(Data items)
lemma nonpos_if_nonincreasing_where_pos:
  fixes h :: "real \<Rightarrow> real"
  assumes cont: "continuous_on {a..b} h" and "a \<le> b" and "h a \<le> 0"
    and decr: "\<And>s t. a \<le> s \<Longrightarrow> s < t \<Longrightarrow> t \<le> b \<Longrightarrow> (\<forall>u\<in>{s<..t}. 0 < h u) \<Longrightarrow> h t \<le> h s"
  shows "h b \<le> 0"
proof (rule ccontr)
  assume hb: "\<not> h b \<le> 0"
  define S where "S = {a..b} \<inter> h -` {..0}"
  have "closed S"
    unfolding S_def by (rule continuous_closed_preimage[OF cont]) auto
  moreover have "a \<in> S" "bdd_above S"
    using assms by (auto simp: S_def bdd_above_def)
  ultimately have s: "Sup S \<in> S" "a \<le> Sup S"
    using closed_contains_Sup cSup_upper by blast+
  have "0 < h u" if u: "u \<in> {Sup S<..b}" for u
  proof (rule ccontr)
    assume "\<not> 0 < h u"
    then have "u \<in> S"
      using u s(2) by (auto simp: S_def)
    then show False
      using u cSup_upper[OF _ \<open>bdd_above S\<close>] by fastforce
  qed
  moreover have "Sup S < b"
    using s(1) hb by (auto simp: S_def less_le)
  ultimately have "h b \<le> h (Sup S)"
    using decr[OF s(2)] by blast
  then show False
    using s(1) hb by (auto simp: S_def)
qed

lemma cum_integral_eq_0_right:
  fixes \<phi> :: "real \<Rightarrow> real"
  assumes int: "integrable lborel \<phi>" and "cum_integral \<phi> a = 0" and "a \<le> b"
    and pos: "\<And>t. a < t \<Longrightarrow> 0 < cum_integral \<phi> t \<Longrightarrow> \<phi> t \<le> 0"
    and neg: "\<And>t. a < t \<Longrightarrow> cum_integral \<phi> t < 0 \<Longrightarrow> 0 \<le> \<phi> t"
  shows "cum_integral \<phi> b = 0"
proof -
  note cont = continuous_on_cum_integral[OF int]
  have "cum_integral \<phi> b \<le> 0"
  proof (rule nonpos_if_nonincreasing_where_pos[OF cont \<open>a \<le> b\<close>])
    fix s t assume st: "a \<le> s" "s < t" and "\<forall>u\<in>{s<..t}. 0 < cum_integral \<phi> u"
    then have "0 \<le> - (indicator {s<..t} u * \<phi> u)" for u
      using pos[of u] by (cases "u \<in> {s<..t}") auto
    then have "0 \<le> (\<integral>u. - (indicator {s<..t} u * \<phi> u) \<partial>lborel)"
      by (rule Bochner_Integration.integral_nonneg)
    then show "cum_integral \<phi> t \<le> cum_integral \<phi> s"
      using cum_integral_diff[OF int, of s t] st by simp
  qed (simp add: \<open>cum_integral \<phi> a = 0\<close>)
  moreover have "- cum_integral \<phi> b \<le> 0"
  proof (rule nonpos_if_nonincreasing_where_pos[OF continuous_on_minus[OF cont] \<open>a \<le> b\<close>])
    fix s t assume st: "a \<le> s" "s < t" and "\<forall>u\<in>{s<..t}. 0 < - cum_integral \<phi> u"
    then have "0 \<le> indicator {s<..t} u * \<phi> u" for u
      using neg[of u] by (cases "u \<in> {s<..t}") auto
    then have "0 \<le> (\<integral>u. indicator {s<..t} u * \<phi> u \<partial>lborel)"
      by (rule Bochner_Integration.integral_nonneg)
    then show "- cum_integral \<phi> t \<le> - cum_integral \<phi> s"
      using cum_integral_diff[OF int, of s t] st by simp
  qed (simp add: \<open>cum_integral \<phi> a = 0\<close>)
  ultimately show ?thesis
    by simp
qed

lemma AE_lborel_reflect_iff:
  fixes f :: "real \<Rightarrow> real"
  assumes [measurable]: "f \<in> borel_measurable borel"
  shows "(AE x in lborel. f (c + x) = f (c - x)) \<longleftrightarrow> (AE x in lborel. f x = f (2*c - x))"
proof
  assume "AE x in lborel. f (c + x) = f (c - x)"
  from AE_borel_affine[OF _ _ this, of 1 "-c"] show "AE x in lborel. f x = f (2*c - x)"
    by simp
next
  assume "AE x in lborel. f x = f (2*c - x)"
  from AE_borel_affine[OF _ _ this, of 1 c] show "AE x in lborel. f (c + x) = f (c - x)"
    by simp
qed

- Work instruction: Copy every record exactly as presented.

- Response to this task:
lemma nonpos_if_nonincreasing_where_pos:
  fixes h :: "real \<Rightarrow> real"
  assumes cont: "continuous_on {a..b} h" and "a \<le> b" and "h a \<le> 0"
    and decr: "\<And>s t. a \<le> s \<Longrightarrow> s < t \<Longrightarrow> t \<le> b \<Longrightarrow> (\<forall>u\<in>{s<..t}. 0 < h u) \<Longrightarrow> h t \<le> h s"
  shows "h b \<le> 0"
proof (rule ccontr)
  assume hb: "\<not> h b \<le> 0"
  define S where "S = {a..b} \<inter> h -` {..0}"
  have "closed S"
    unfolding S_def by (rule continuous_closed_preimage[OF cont]) auto
  moreover have "a \<in> S" "bdd_above S"
    using assms by (auto simp: S_def bdd_above_def)
  ultimately have s: "Sup S \<in> S" "a \<le> Sup S"
    using closed_contains_Sup cSup_upper by blast+
  have "0 < h u" if u: "u \<in> {Sup S<..b}" for u
  proof (rule ccontr)
    assume "\<not> 0 < h u"
    then have "u \<in> S"
      using u s(2) by (auto simp: S_def)
    then show False
      using u cSup_upper[OF _ \<open>bdd_above S\<close>] by fastforce
  qed
  moreover have "Sup S < b"
    using s(1) hb by (auto simp: S_def less_le)
  ultimately have "h b \<le> h (Sup S)"
    using decr[OF s(2)] by blast
  then show False
    using s(1) hb by (auto simp: S_def)
qed

lemma cum_integral_eq_0_right:
  fixes \<phi> :: "real \<Rightarrow> real"
  assumes int: "integrable lborel \<phi>" and "cum_integral \<phi> a = 0" and "a \<le> b"
    and pos: "\<And>t. a < t \<Longrightarrow> 0 < cum_integral \<phi> t \<Longrightarrow> \<phi> t \<le> 0"
    and neg: "\<And>t. a < t \<Longrightarrow> cum_integral \<phi> t < 0 \<Longrightarrow> 0 \<le> \<phi> t"
  shows "cum_integral \<phi> b = 0"
proof -
  note cont = continuous_on_cum_integral[OF int]
  have "cum_integral \<phi> b \<le> 0"
  proof (rule nonpos_if_nonincreasing_where_pos[OF cont \<open>a \<le> b\<close>])
    fix s t assume st: "a \<le> s" "s < t" and "\<forall>u\<in>{s<..t}. 0 < cum_integral \<phi> u"
    then have "0 \<le> - (indicator {s<..t} u * \<phi> u)" for u
      using pos[of u] by (cases "u \<in> {s<..t}") auto
    then have "0 \<le> (\<integral>u. - (indicator {s<..t} u * \<phi> u) \<partial>lborel)"
      by (rule Bochner_Integration.integral_nonneg)
    then show "cum_integral \<phi> t \<le> cum_integral \<phi> s"
      using cum_integral_diff[OF int, of s t] st by simp
  qed (simp add: \<open>cum_integral \<phi> a = 0\<close>)
  moreover have "- cum_integral \<phi> b \<le> 0"
  proof (rule nonpos_if_nonincreasing_where_pos[OF continuous_on_minus[OF cont] \<open>a \<le> b\<close>])
    fix s t assume st: "a \<le> s" "s < t" and "\<forall>u\<in>{s<..t}. 0 < - cum_integral \<phi> u"
    then have "0 \<le> indicator {s<..t} u * \<phi> u" for u
      using neg[of u] by (cases "u \<in> {s<..t}") auto
    then have "0 \<le> (\<integral>u. indicator {s<..t} u * \<phi> u \<partial>lborel)"
      by (rule Bochner_Integration.integral_nonneg)
    then show "- cum_integral \<phi> t \<le> - cum_integral \<phi> s"
      using cum_integral_diff[OF int, of s t] st by simp
  qed (simp add: \<open>cum_integral \<phi> a = 0\<close>)
  ultimately show ?thesis
    by simp
qed

lemma AE_lborel_reflect_iff:
  fixes f :: "real \<Rightarrow> real"
  assumes [measurable]: "f \<in> borel_measurable borel"
  shows "(AE x in lborel. f (c + x) = f (c - x)) \<longleftrightarrow> (AE x in lborel. f x = f (2*c - x))"
proof
  assume "AE x in lborel. f (c + x) = f (c - x)"
  from AE_borel_affine[OF _ _ this, of 1 "-c"] show "AE x in lborel. f x = f (2*c - x)"
    by simp
next
  assume "AE x in lborel. f x = f (2*c - x)"
  from AE_borel_affine[OF _ _ this, of 1 c] show "AE x in lborel. f (c + x) = f (c - x)"
    by simp
qed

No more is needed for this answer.